3. Warum will er denn bekennen, was er gegenwärtig ist?
Was also habe ich mit den Menschen zu schaffen, daß sie meine Bekenntnisse hören sollen, gleich als ob sie alle meine Gebrechen heilen? Sie, ein Geschlecht neugierig, das Leben anderer kennen zu lernen, lässig, das eigene zu bessern! Warum wollen sie von mir hören, was ich bin, wenn sie von dir nicht hören wollen, was sie selbst sind? Und woher wissen sie, wenn sie von mir selbst etwas über mich selbst hören, ob ich überhaupt S. 217 die Wahrheit rede? Kein Mensch „weiß ja, was in Menschen vorgeht, als nur der Geist des Menschen, der in ihm selbst ist“1. Vernehmen sie aber dich über sich selbst, so können sie nicht sagen: Der Herr lügt.

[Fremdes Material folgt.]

lemma profile_radius_constant: "\<exists>r>0. \<forall>s\<in>I. (x s)\<^sup>2 = r\<^sup>2"
proof -
  have "\<exists>c. \<forall>s\<in>I. x s = c"
  proof (rule has_field_derivative_zero_constant)
    show "convex I"
      using interval_I by (simp add: is_interval_convex)
    fix s assume "s \<in> I"
    then show "(x has_real_derivative 0) (at s within I)"
      using dx profile_derivative_zero by (metis has_field_derivative_at_within)
  qed
  then obtain c where c: "\<forall>s\<in>I. x s = c"
    by blast
  obtain s where s: "s \<in> I"
    using I_nonempty by blast
  have "c \<noteq> 0"
    using cylinder_profile(1)[OF profile_derivative_zero s] c s by simp
  then show ?thesis
    using c by (intro exI[of _ "\<bar>c\<bar>"]) simp
qed

end
theorem theorem1:
  fixes h \<alpha> :: real and v :: "real^3"
    and x x' x'' z z' z'' :: "real \<Rightarrow> real"
    and I J :: "real set"
  assumes h: "h \<noteq> 0"
    and alpha: "\<alpha> \<noteq> 0"
    and v: "norm v = 1"
    and I: "open I" "is_interval I" "I \<noteq> {}"
    and J: "open J" "is_interval J" "J \<noteq> {}"
    and dx: "\<And>s. s \<in> I \<Longrightarrow> (x has_real_derivative x' s) (at s)"
    and dx': "\<And>s. s \<in> I \<Longrightarrow> (x' has_real_derivative x'' s) (at s)"
    and dz: "\<And>s. s \<in> I \<Longrightarrow> (z has_real_derivative z' s) (at s)"
    and dz': "\<And>s. s \<in> I \<Longrightarrow> (z' has_real_derivative z'' s) (at s)"
    and regular: "\<And>s. s \<in> I \<Longrightarrow> (x' s)\<^sup>2 + (z' s)\<^sup>2 > 0"
    and immersed: "\<And>s. s \<in> I \<Longrightarrow> (x s)\<^sup>2 + h\<^sup>2 * (x' s)\<^sup>2 > 0"
    and halfspace: "\<And>s t. s \<in> I \<Longrightarrow> t \<in> J \<Longrightarrow> helicoidal_surface h x z s t \<bullet> v > 0"
    and singular_minimal: "\<And>s t. s \<in> I \<Longrightarrow> t \<in> J \<Longrightarrow>
          mean_curvature (helicoidal_surface h x z) s t =
          \<alpha> * (unit_normal (helicoidal_surface h x z) s t \<bullet> v) / (helicoidal_surface h x z s t \<bullet> v)"
  shows "(\<forall>c::real. vector [0, 0, c] \<bullet> v = 0) \<and> \<alpha> = -1 \<and>
         (\<exists>r>0. \<forall>s\<in>I. \<forall>t\<in>J.
            (helicoidal_surface h x z s t $ 1)\<^sup>2 + (helicoidal_surface h x z s t $ 2)\<^sup>2 = r\<^sup>2)"
proof -
  interpret helicoidal_singular_minimal h x x' x'' z z' z'' I \<alpha> v J
    using assms by unfold_locales auto
  obtain r where "r > 0" and radius: "\<forall>s\<in>I. (x s)\<^sup>2 = r\<^sup>2"
    using profile_radius_constant by blast
  have "\<forall>c::real. vector [0, 0, c] \<bullet> v = 0"
    using v_orthogonal_to_axis by (simp add: inner_vec_def sum_3)
  moreover have "\<forall>s\<in>I. \<forall>t\<in>J.
      (helicoidal_surface h x z s t $ 1)\<^sup>2 + (helicoidal_surface h x z s t $ 2)\<^sup>2 = r\<^sup>2"
    using radius by (simp add: helicoidal_surface_distance_to_axis)
  ultimately show ?thesis
    using alpha_eq_minus_one \<open>r > 0\<close> by blast
qed

end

Denn von dir etwas über sich zu hören bedeutet ja, sich erkennen. Wer kann aber sich erkennen und sagen: Es ist falsch, wenn er nicht selbst lügt? Aber weil „die Liebe alles glaubt“2, zumal bei denen, die sie miteinander eng verbunden und geeint hat, so will ich dir, o Herr, so bekennen, daß die Menschen sie hören; zwar kann ich ihnen nicht beweisen, ob mein Bekenntnis die Wahrheit ist, aber glauben werden mir die, deren Ohren die Liebe mir geöffnet hat.

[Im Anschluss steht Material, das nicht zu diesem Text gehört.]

lemma weyl_diff_sum_Suc:
  "weyl_diff_sum F (Suc L) = weyl_diff_sum F L + F L * cnj (\<Sum>i<L. F i)"
proof -
  have "weyl_diff_sum F (Suc L)
      = (\<Sum>h\<in>{1..L}. (\<Sum>j<L - h. F (j + h) * cnj (F j)) + F L * cnj (F (L - h)))"
    unfolding weyl_diff_sum_def
  proof (rule sum.cong)
    fix h assume "h \<in> {1..L}"
    then have "Suc L - h = Suc (L - h)" by auto
    then show "(\<Sum>j<Suc L - h. F (j + h) * cnj (F j))
        = (\<Sum>j<L - h. F (j + h) * cnj (F j)) + F L * cnj (F (L - h))"
      using \<open>h \<in> {1..L}\<close> by simp
  qed auto
  also have "\<dots> = (\<Sum>h\<in>{1..L}. \<Sum>j<L - h. F (j + h) * cnj (F j)) + F L * (\<Sum>h\<in>{1..L}. cnj (F (L - h)))"
    by (simp add: sum.distrib sum_distrib_left)
  also have "(\<Sum>h\<in>{1..L}. \<Sum>j<L - h. F (j + h) * cnj (F j)) = weyl_diff_sum F L"
    unfolding weyl_diff_sum_def by (rule sum.mono_neutral_right) auto
  also have "(\<Sum>h\<in>{1..L}. cnj (F (L - h))) = (\<Sum>i<L. cnj (F i))"
    by (rule sum.reindex_bij_witness[of _ "\<lambda>i. L - i" "\<lambda>h. L - h"]) auto
  finally show ?thesis by simp
qed

lemma sum_mult_cnj_eq_weyl_diff_sum:
  assumes unimodular: "\<And>i. F i * cnj (F i) = 1"
  shows "(\<Sum>i<L. F i) * cnj (\<Sum>i<L. F i) = of_nat L + weyl_diff_sum F L + cnj (weyl_diff_sum F L)"
proof (induction L)
  case 0
  then show ?case by (simp add: weyl_diff_sum_def)
next
  case (Suc L)
  let ?S = "\<Sum>i<L. F i"
  have "(\<Sum>i<Suc L. F i) * cnj (\<Sum>i<Suc L. F i) = (?S + F L) * (cnj ?S + cnj (F L))"
    by simp
  also have "\<dots> = ?S * cnj ?S + F L * cnj (F L) + F L * cnj ?S + cnj (F L * cnj ?S)"
    by (simp add: algebra_simps)
  also have "\<dots> = of_nat (Suc L) + weyl_diff_sum F (Suc L) + cnj (weyl_diff_sum F (Suc L))"
    using Suc unimodular[of L] by (simp add: weyl_diff_sum_Suc)
  finally show ?case .
qed
(* Let $\mathcal{G}_n$ be the random graph described in the context and, for $\delta_n>0$ and $u\in\mathcal{V}_n^k$, let $$A_n^k(u)=\Big\{\big|N_n^k(u)-a_nV_n^k\big|\ge\sqrt{a_nV_n^k\delta_n}\Big\}.$$ Suppose the sequences $\gamma_n>0$ and $\delta_n>0$ satisfy $$\lim_{n\to\infty}\delta_n=\infty,\qquad\limsup_{n\to\infty}\frac{\delta_n}{\lambda_n}<\infty,\qquad\limsup_{n\to\infty}\frac{\gamma_n}{\delta_n}<\infty.$$ Then $\frac{\gamma_n}{n}\sum_{u\in\mathcal{V}_n^k}\mathbf{1}\{A_n^k(u)\}\Rightarrow0$ as $n\to\infty$, for all $k\in\{1,2\}$.
   Context: For each $n$, the node set $\mathcal{V}_n=\mathcal{V}_n^1\cup\mathcal{V}_n^2$ is a disjoint union of two communities of sizes $V_n^k=|\mathcal{V}_n^k|$ with $V_n^k/n\to v^k\in(0,\infty)$. The graph $\mathcal{G}_n$ is a stochastic block model: each unordered pair of distinct nodes is an edge independently, with probability $a_n=a\lambda_n/n$ if both are in the same community and $b_n=b\lambda_n/n$ otherwise, where $a>b>0$ are constants and $\lambda_n\to\infty$. $N_n^k(u)$ denotes the number of neighbors of $u$ in $\mathcal{V}_n^k$. $\Rightarrow$ denotes weak convergence (here to the constant $0$). *)

theory Defs
  imports "HOL-Probability.Probability"
begin

definition comm :: "(nat \<Rightarrow> nat \<Rightarrow> nat) \<Rightarrow> nat \<Rightarrow> nat \<Rightarrow> nat set" where
  "comm V n k = (if k = 1 then {..<V 1 n} else {V 1 n..<V 1 n + V 2 n})"

definition nodes :: "(nat \<Rightarrow> nat \<Rightarrow> nat) \<Rightarrow> nat \<Rightarrow> nat set" where
  "nodes V n = {..<V 1 n + V 2 n}"

text \<open>Unordered pairs of distinct nodes, represented as (i,j) with i < j.\<close>
definition node_pairs :: "(nat \<Rightarrow> nat \<Rightarrow> nat) \<Rightarrow> nat \<Rightarrow> (nat \<times> nat) set" where
  "node_pairs V n = {(i, j). i < j \<and> j \<in> nodes V n}"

Du aber, du Arzt meiner Seele, mache mir klar, zu welchem Zwecke ich dies tun soll. Denn wer die Bekenntnisse meiner vergangenen Sünden, die du nachgelassen und zugedeckt hast, um mich in dir zu beseligen und meine Seele durch den Glauben und dein Sakrament umzuwandeln, - wer also diese Bekenntnisse liest und hört, dessen Herz wird nicht so leicht in den Schlaf der Verzweiflung sinken und etwa sagen: „Ich kann nicht“, sondern aufwachen in der Liebe deiner Barmherzigkeit und in der Süßigkeit deiner Gnade, in welcher auch der Schwache stark ist, wenn er sich durch sie seiner Schwachheit bewußt wird. Auch die Guten freut es, von den früheren Sünden derer zu hören, die nun frei von ihnen sind; es freut sie nicht etwa, weil es Sünden sind, sondern weil es Sünden waren und nun nicht mehr sind. Zu welchem Zwecke also, mein Gott, dem täglich mein Gewissen bekennt, nicht so sicher im Bewußtsein seiner Unschuld als vielmehr in der Hoffnung auf deine Barmherzigkeit, zu welchem Zwecke, frage ich, bekenne ich auch vor den Menschen in dieser Schrift nicht nur, was ich gewesen, sondern auch, was ich jetzt bin? Denn jenen Nutzen habe ich erkannt und erwähnt. Aber was ich jetzt bin, eben zur Zeit der Abfassung meiner Bekenntnisse, das wünschen gar viele zu erfahren, solche, die mich kennen, und solche, die mich nicht kennen, S. 218 aber von mir oder über mich etwas gehört haben; aber ihr Ohr vermag nicht in mein Inneres zu dringen, wo ich der bin, der ich wirklich bin. Sie wollen also aus meinem Bekenntnisse hören, was ich im Innern bin, wo hin weder Auge noch Ohr noch Geist eindringen kann. Sie wollen hören, um mir zu glauben; werden sie aber auch mich erkennen? Aber die Liebe, durch die sie gut sind, sagt ihnen, daß aus meinen Bekenntnissen die Wahrheit redet, und sie ist es in ihnen, die mir Glauben schenkt.